WORK TO BE COMPLETED:
Up to and including the line with "define \<gamma> where", restate the records below word for word, beginning with their first line.

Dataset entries
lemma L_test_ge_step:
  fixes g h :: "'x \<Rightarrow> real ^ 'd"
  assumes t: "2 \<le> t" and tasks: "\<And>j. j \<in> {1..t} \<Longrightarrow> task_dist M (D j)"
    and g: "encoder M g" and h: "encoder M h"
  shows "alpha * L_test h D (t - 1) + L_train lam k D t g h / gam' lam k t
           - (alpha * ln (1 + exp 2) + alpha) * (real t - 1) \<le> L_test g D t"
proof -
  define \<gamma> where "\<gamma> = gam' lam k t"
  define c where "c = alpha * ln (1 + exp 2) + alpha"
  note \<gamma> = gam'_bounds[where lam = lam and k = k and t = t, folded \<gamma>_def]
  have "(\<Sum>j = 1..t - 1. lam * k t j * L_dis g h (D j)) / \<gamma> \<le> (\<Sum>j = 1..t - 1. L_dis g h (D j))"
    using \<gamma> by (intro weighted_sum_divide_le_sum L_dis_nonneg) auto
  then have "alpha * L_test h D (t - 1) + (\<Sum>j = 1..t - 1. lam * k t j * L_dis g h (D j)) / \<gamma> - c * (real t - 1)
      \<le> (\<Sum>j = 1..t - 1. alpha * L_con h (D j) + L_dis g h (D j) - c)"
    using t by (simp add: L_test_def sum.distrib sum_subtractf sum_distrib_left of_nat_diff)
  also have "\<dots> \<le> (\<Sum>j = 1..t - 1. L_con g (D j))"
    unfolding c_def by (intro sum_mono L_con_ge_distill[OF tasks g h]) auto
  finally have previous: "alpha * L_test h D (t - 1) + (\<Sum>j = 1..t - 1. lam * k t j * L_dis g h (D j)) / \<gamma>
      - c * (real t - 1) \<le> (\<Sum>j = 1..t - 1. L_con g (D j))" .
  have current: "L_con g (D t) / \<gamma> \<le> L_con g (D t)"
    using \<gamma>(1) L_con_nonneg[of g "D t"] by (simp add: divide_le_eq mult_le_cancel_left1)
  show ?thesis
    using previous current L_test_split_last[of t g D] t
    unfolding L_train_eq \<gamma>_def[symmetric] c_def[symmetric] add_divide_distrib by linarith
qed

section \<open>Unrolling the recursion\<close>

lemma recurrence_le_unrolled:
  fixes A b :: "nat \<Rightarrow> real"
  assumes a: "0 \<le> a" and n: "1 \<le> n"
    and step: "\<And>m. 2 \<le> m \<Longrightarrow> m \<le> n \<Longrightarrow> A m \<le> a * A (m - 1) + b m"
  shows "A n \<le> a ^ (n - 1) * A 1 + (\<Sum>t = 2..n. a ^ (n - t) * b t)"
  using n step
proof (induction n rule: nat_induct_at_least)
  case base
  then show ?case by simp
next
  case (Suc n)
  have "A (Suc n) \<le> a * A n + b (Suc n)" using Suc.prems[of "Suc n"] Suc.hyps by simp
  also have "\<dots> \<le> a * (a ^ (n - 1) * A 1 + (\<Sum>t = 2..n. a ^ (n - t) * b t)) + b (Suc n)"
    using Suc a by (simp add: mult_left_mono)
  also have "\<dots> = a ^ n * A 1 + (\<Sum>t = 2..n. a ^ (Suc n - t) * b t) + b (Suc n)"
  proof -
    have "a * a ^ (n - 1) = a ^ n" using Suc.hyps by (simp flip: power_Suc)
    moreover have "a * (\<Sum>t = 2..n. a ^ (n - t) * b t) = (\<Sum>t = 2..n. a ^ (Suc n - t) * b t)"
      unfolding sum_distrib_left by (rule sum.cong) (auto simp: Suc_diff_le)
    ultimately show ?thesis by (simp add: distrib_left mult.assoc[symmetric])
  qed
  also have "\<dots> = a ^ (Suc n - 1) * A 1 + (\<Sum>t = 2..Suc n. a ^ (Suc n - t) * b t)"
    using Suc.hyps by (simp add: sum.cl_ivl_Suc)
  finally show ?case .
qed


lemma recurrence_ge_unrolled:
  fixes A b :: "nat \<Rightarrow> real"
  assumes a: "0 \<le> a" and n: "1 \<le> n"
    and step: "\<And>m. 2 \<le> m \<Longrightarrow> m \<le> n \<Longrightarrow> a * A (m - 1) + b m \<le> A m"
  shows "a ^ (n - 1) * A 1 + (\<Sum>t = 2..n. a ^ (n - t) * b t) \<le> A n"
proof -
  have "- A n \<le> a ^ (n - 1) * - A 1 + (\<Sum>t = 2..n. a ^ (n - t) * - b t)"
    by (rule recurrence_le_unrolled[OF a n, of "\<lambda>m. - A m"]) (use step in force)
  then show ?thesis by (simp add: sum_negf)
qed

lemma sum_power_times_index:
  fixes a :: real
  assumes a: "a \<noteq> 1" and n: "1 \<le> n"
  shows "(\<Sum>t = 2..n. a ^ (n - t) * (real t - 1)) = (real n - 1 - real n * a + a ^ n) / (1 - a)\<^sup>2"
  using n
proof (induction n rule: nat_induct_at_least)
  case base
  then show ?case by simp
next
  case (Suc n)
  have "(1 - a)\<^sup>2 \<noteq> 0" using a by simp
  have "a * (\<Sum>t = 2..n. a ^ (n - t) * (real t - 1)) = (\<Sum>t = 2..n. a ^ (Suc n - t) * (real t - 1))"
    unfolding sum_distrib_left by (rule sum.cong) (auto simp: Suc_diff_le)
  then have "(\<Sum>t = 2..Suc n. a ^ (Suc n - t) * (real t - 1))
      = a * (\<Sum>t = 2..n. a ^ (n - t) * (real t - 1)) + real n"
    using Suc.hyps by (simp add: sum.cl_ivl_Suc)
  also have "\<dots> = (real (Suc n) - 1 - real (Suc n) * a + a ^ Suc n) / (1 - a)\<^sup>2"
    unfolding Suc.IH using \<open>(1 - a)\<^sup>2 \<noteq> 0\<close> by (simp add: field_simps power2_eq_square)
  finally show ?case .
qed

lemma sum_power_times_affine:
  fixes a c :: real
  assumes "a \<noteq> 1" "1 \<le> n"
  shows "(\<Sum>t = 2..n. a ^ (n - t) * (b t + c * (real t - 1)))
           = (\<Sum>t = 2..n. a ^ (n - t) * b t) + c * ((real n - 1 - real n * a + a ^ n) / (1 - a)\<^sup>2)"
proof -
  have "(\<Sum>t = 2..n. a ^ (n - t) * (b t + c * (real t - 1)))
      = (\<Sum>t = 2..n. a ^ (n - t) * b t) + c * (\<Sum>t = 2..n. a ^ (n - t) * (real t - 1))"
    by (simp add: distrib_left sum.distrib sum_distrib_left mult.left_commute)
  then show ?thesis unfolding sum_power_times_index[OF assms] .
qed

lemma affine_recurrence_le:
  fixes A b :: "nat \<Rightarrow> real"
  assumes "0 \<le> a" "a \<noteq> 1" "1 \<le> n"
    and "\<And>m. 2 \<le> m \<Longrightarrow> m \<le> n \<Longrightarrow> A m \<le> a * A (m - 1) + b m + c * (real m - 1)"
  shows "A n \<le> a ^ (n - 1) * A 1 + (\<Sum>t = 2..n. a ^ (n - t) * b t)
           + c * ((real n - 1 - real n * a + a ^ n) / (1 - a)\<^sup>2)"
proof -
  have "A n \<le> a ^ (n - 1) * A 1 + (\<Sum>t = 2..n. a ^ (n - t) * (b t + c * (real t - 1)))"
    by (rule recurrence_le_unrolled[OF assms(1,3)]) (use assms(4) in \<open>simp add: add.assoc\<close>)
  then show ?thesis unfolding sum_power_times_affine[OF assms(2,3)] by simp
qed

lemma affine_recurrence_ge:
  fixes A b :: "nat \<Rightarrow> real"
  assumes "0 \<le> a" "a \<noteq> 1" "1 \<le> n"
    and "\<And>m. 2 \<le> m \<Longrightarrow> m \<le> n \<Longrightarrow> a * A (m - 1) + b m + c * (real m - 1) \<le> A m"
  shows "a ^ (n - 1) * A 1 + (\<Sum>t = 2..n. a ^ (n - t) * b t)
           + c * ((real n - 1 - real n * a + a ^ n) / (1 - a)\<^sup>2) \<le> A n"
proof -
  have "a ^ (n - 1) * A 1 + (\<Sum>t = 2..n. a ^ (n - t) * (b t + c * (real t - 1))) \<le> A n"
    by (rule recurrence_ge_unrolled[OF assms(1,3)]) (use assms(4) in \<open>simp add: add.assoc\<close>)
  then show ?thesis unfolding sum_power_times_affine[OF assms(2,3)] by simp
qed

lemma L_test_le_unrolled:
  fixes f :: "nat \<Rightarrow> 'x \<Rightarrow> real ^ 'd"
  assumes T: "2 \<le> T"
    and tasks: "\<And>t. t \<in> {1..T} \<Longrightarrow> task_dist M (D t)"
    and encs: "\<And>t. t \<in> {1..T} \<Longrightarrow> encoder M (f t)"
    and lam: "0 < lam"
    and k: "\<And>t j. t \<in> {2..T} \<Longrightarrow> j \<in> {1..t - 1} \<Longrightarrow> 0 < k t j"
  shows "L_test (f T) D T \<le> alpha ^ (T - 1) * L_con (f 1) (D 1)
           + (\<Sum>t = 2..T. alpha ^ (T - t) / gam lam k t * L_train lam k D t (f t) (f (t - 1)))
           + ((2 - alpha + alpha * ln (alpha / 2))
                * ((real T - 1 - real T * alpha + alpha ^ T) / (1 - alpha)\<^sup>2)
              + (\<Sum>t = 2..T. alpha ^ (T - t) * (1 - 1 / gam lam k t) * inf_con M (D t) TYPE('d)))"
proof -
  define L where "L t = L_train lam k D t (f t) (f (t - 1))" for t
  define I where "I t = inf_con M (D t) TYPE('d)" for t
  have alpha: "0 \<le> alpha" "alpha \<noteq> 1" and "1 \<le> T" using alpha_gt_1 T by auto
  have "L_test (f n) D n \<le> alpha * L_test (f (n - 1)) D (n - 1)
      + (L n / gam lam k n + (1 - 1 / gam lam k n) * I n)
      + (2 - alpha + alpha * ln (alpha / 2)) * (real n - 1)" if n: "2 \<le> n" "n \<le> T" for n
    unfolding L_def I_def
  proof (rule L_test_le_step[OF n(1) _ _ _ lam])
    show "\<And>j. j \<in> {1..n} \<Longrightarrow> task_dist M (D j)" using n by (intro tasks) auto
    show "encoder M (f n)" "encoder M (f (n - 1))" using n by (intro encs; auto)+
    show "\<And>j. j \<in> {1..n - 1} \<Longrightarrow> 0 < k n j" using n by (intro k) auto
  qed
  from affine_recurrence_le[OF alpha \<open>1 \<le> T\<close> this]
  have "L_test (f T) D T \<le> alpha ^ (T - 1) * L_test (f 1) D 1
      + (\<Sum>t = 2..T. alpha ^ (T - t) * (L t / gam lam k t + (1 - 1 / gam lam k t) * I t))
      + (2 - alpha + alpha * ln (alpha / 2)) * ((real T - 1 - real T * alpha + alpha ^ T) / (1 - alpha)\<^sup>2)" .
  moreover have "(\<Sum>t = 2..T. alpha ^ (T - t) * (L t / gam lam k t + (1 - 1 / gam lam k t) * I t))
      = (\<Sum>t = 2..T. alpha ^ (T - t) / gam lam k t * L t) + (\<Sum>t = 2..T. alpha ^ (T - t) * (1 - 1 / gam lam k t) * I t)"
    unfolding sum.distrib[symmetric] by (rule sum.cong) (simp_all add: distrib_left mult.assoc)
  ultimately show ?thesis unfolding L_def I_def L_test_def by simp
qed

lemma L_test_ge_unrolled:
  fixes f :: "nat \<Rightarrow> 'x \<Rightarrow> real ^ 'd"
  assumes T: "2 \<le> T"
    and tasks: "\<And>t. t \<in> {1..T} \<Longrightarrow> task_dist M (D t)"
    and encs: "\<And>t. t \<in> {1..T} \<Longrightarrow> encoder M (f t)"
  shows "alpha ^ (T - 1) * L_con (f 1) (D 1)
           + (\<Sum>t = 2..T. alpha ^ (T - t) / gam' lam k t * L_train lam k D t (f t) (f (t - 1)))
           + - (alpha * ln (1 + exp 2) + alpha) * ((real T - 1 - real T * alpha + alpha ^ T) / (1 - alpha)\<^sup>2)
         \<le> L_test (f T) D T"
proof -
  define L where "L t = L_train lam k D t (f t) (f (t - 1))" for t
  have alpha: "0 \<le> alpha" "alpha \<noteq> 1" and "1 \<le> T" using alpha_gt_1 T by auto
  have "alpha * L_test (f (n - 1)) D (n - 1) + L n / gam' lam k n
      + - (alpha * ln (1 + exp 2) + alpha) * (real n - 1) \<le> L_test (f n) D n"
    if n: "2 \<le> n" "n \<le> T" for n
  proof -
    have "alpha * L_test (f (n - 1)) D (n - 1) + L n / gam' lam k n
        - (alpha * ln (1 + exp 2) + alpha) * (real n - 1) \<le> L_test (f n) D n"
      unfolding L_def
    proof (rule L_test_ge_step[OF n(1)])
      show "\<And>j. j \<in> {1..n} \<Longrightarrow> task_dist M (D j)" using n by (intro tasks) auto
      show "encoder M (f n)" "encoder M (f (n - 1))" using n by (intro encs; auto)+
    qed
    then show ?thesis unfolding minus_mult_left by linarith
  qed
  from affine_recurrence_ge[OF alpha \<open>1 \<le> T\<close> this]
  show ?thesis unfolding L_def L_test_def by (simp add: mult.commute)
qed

WRITTEN RESPONSE:
lemma L_test_ge_step:
  fixes g h :: "'x \<Rightarrow> real ^ 'd"
  assumes t: "2 \<le> t" and tasks: "\<And>j. j \<in> {1..t} \<Longrightarrow> task_dist M (D j)"
    and g: "encoder M g" and h: "encoder M h"
  shows "alpha * L_test h D (t - 1) + L_train lam k D t g h / gam' lam k t
           - (alpha * ln (1 + exp 2) + alpha) * (real t - 1) \<le> L_test g D t"
proof -
  define \<gamma> where "\<gamma> = gam' lam k t"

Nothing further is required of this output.